- Segments of AR 206 highlighted in red

Route information
- Maintained by ArDOT
- Existed: July 10, 1957–present

Section 1
- Length: 14.807 mi (23.830 km)
- West end: AR 43
- East end: US 62 / US 65 / US 412 in Bellefonte

Section 2
- Length: 5.541 mi (8.917 km)
- West end: US 65
- East end: CR 4019

Section 3
- Length: 2.952 mi (4.751 km)
- West end: AR 14 at Ralph
- East end: CR 6022

Location
- Country: United States
- State: Arkansas
- Counties: Boone, Marion

Highway system
- Arkansas Highway System; Interstate; US; State; Business; Spurs; Suffixed; Scenic; Heritage;
| ← AR 205 |  | → AR 207 |

= Arkansas Highway 206 =

State highway in Arkansas, United States

Highway 206 (AR 206 and Hwy. 206) is a designation for three east–west state highways in the Ozark Mountains in the United States. Each segment was created during periods of state highway systemwide expansions ordered by the Arkansas General Assembly to add system mileage in every county, first in 1957, and again in 1973. All are low-traffic highways providing connectivity between rural communities and major highways in the area. All are maintained by the Arkansas Department of Transportation (ArDOT).

==Route description==
The ArDOT maintains Highway 206 like all other parts of the state highway system. As a part of these responsibilities, the department tracks the volume of traffic using its roads in surveys using a metric called average annual daily traffic (AADT). ArDOT estimates the traffic level for a segment of roadway for any average day of the year in these surveys.
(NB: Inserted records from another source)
lemma mpp_step_merge:
  assumes step: "mpp_step V E k g c c' w"
    and valid: "valid_conf k r c" and valid': "valid_conf k r c'" and fin': "finite_conf c'"
  shows "\<exists>w1 \<le> k * w. mpp_run V E 1 (k * r) g (merge_conf k c) (merge_conf k c') w1"
  using step
proof cases
  case (R1 J v R B)
  have "v ` J \<subseteq> red_nodes k c" and "finite (v ` J)"
    using R1 finite_subset[OF _ finite_lessThan] by (auto simp: red_nodes_def)
  moreover have "card (red_nodes k c) \<le> k * r"
    using valid_merge_conf[OF valid] by (simp add: merge_conf_def valid_solo_conf_iff)
  ultimately have "mpp_run V E 1 (k * r) g (merge_conf k c) (merge_conf k c') (card (v ` J) * g)"
    using R1 run_solo_store by (simp add: merge_conf_def red_nodes_def)
  moreover have "card (v ` J) * g \<le> k * g" using card_image_lessThan_le[of J k v] R1 by simp
  ultimately show ?thesis using R1 by auto
next
  case (R2 J v B R)
  have red': "red_nodes k c' = red_nodes k c \<union> v ` J"
    using R2 by (auto simp: red_nodes_def split: if_splits)
  show ?thesis unfolding \<open>w = g\<close>
  proof (rule run_merge_add_red[where v = v and J = J])
    show "mpp_step V E 1 g (solo_conf Y (snd c)) (solo_conf (insert x Y) (snd c)) g"
      if "x \<in> v ` J" and "red_nodes k c \<subseteq> Y" for x Y
      using that R2 by (intro mpp_step_solo_load) auto
  qed (use R2 valid' fin' red' in simp_all)
next
  case (R3 J v R B)
  have red': "red_nodes k c' = red_nodes k c \<union> v ` J"
    using R3 by (auto simp: red_nodes_def split: if_splits)
  show ?thesis unfolding \<open>w = 1\<close>
  proof (rule run_merge_add_red[where v = v and J = J])
    show "mpp_step V E 1 g (solo_conf Y (snd c)) (solo_conf (insert x Y) (snd c)) 1"
      if "x \<in> v ` J" and "red_nodes k c \<subseteq> Y" for x Y
      using that R3 by (intro mpp_step_solo_compute) (force simp: red_nodes_def)+
  qed (use R3 valid' fin' red' in simp_all)
next
  case (R4_red j x R B)
  have "merge_conf k c' = merge_conf k c \<or>
      mpp_step V E 1 g (merge_conf k c) (merge_conf k c') 0"
  proof (cases "x \<in> red_nodes k c'")
    case True
    then have "red_nodes k c' = red_nodes k c" using R4_red by (auto simp: red_nodes_def)
    then show ?thesis using R4_red by (simp add: merge_conf_def)
  next
    case False
    then have "red_nodes k c' = red_nodes k c - {x}" and "x \<in> red_nodes k c"
      using R4_red by (auto simp: red_nodes_def)
    then have "mpp_step V E 1 g (merge_conf k c) (merge_conf k c') 0"
      using mpp_step_solo_discard[of x "red_nodes k c" V E g B] R4_red by (simp add: merge_conf_def)
    then show ?thesis ..
  qed
  then show ?thesis
    using R4_red run_nil[OF valid_merge_conf[OF valid]]
      mpp_run_single[OF valid_merge_conf[OF valid] _ valid_merge_conf[OF valid']]
    by (metis le0 mult_0_right)
next
  case (R4_blue x B R)
  have "mpp_step V E 1 g (merge_conf k c) (merge_conf k c') 0"
    using R4_blue mpp_step.R4_blue[of x B V E 1 g "fst (solo_conf (red_nodes k c) B)"]
    by (simp add: merge_conf_def solo_conf_def red_nodes_def)
  then show ?thesis
    using mpp_run_single valid_merge_conf[OF valid] valid_merge_conf[OF valid'] by blast
qed
(* Let $(\tilde S,\tilde f)$ and $(\tilde T,\tilde g)$ be lifted partial permutations with corresponding Heegaard states $\mathbf x$ and $\mathbf y$, and suppose there is $\phi\in D(\mathbf x,\mathbf y)$. Then for each $i=1,\dots,m$, the local multiplicity of $\phi$ at $O_i$ equals $w_i(\tilde f)-w_i(\tilde g)$.
   Context: Fix integers $0<k<m$. $G_m$ is the group of isometries of $\mathbb R$ generated by $x\mapsto 1-x$ and $x\mapsto 2m-1-x$; $Q_1:\mathbb Z\to\mathbb Z/G_m\cong\{1,\dots,m-1\}$; $Q_2:\frac12+\mathbb Z\to\{1,\dots,m\}$ sends $j-\frac12$ to the unique $i\in\{1,\dots,m\}$ with $i\equiv j$ or $i\equiv 2-j\pmod{2m-2}$. A lifted partial permutation on $k$ letters is a pair $(\tilde S,\tilde f)$ with $\tilde S\subset\mathbb Z$ $G_m$-invariant, $|\tilde S/G_m|=k$, $\tilde f:\tilde S\to\mathbb Z$ $G_m$-equivariant with injective induced map $\tilde S/G_m\to\mathbb Z/G_m$. Weight: $w_j(\tilde f)=\tfrac12\#\{i\in\tilde S: i<j-\tfrac12<\tilde f(i)\text{ or } i>j-\tfrac12>\tilde f(i)\}$. In $\mathbb R^2$ take vertical lines $\tilde\alpha_i=\{i\}\times\mathbb R$, horizontal lines $\tilde\beta_i=\mathbb R\times\{i\}$, and punctures at $(\frac12+i,\frac12+i)$ labeled $O_{Q_2(\frac12+i)}$; $\mathbb G_m$ is generated by the $180^\circ$ rotations about $(\frac12,\frac12)$ and $(m-\frac12,m-\frac12)$; $\mathcal H=\mathbb R^2/\mathbb G_m$ with marked points $O_1,\dots,O_m$ ($O_1,O_m$ the orbifold points), and $\alpha_i,\beta_i$ the images of $\tilde\alpha_j,\tilde\beta_j$ with $Q_1(j)=i$. Heegaard states: $k$ points on $\alpha_i\cap\beta_j$'s using distinct $\alpha$'s and $\beta$'s; $(\tilde S,\tilde f)$ corresponds to the image of its graph. Two-chains assign integers to components of $\mathcal H\setminus(\boldsymbol\alpha\cup\boldsymbol\beta)$; $D(\mathbf x,\mathbf y)$ is the set of two-chains with initial corners exactly at $\mathbf x\setminus\mathbf y$ and terminal corners exactly at $\mathbf y\setminus\mathbf x$ (a point with quadrant multiplicities $A,B,C,D$, $A,D$ opposite, is initial if $B+C=A+D+1$, terminal if $B+C=A+D-1$, non-corner if $A+D=B+C$). The local multiplicity at $O_i$ is the multiplicity of the region containing $O_i$. *)

theory Defs
  imports Main "HOL.Real"
begin

text \<open>The group G_m of isometries of the real line generated by the reflections
  x |-> 1 - x and x |-> 2m - 1 - x (both are involutions, so closing the identity
  under left composition with the generators gives the generated group).\<close>
inductive_set Gm :: "nat \<Rightarrow> (real \<Rightarrow> real) set" for m :: nat where
  Gm_id: "id \<in> Gm m"
| Gm_r1: "g \<in> Gm m \<Longrightarrow> (\<lambda>x. 1 - x) \<circ> g \<in> Gm m"
| Gm_r2: "g \<in> Gm m \<Longrightarrow> (\<lambda>x. 2 * real m - 1 - x) \<circ> g \<in> Gm m"
(* Let $E$ be a Hausdorff topological vector space over $\mathbb{R}$ and let $A$ be a topologically independent subset of (the additive topological group of) $E$. Then $\langle A\rangle$ is the Tychonoff direct sum $\bigoplus_{a\in A}\langle a\rangle$ if and only if the topology of the linear span $\langle A\rangle_{\mathbb{R}}$ (with the subspace topology from $E$) is weak.
   Context: $\langle A\rangle$ is the additive subgroup generated by $A$ and $\langle A\rangle_{\mathbb{R}}$ its real linear span, both with subspace topology. A subset $A$ of an abelian topological group $G$ (neutral element $0$) is topologically independent if $0\notin A$ and for every neighborhood $W$ of $0$ there is a neighborhood $U$ of $0$ such that for every finite $F\subseteq A$ and every family of integers $\{z_a: a\in F\}$, the condition $\sum_{a\in F}z_a a\in U$ implies $z_a a\in W$ for all $a\in F$. The Tychonoff direct sum $\bigoplus_{a\in A}\langle a\rangle$ is the direct sum of the groups $\langle a\rangle$ (subspace topology) with the topology induced from the product $\prod_{a\in A}\langle a\rangle$; "$\langle A\rangle$ is the Tychonoff direct sum" means the map $(g_a)\mapsto\sum_a g_a$ is an isomorphism of topological groups from $\bigoplus_{a\in A}\langle a\rangle$ onto $\langle A\rangle$. The topology of a topological vector space $X$ is weak if it coincides with the coarsest topology making all continuous linear functionals on $X$ continuous. *)

theory Defs
  imports "HOL-Analysis.Analysis"
begin

definition tvs_ops_continuous :: "('a::{real_vector,topological_space}) itself \<Rightarrow> bool" where
  "tvs_ops_continuous _ \<longleftrightarrow>
     continuous_on UNIV (\<lambda>p::'a \<times> 'a. fst p + snd p) \<and>
     continuous_on UNIV (\<lambda>p::real \<times> 'a. fst p *\<^sub>R snd p)"

definition zspan :: "'a::real_vector set \<Rightarrow> 'a set" where
  "zspan A = {(\<Sum>a\<in>F. of_int (z a) *\<^sub>R a) | F z. finite F \<and> F \<subseteq> A}"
As of 2019, AADT was estimated at 1,300 vehicles per day (VPD) near Bellefonte and as low as 610 VPD near the western terminus of Section 1. Section 2 had an AADT of 830 VPD, with Section 3 ranging from 200 to 20 VPD. For reference, the American Association of State Highway and Transportation Officials (AASHTO), classifies roads with fewer than 400 vehicles per day as a very low volume local road.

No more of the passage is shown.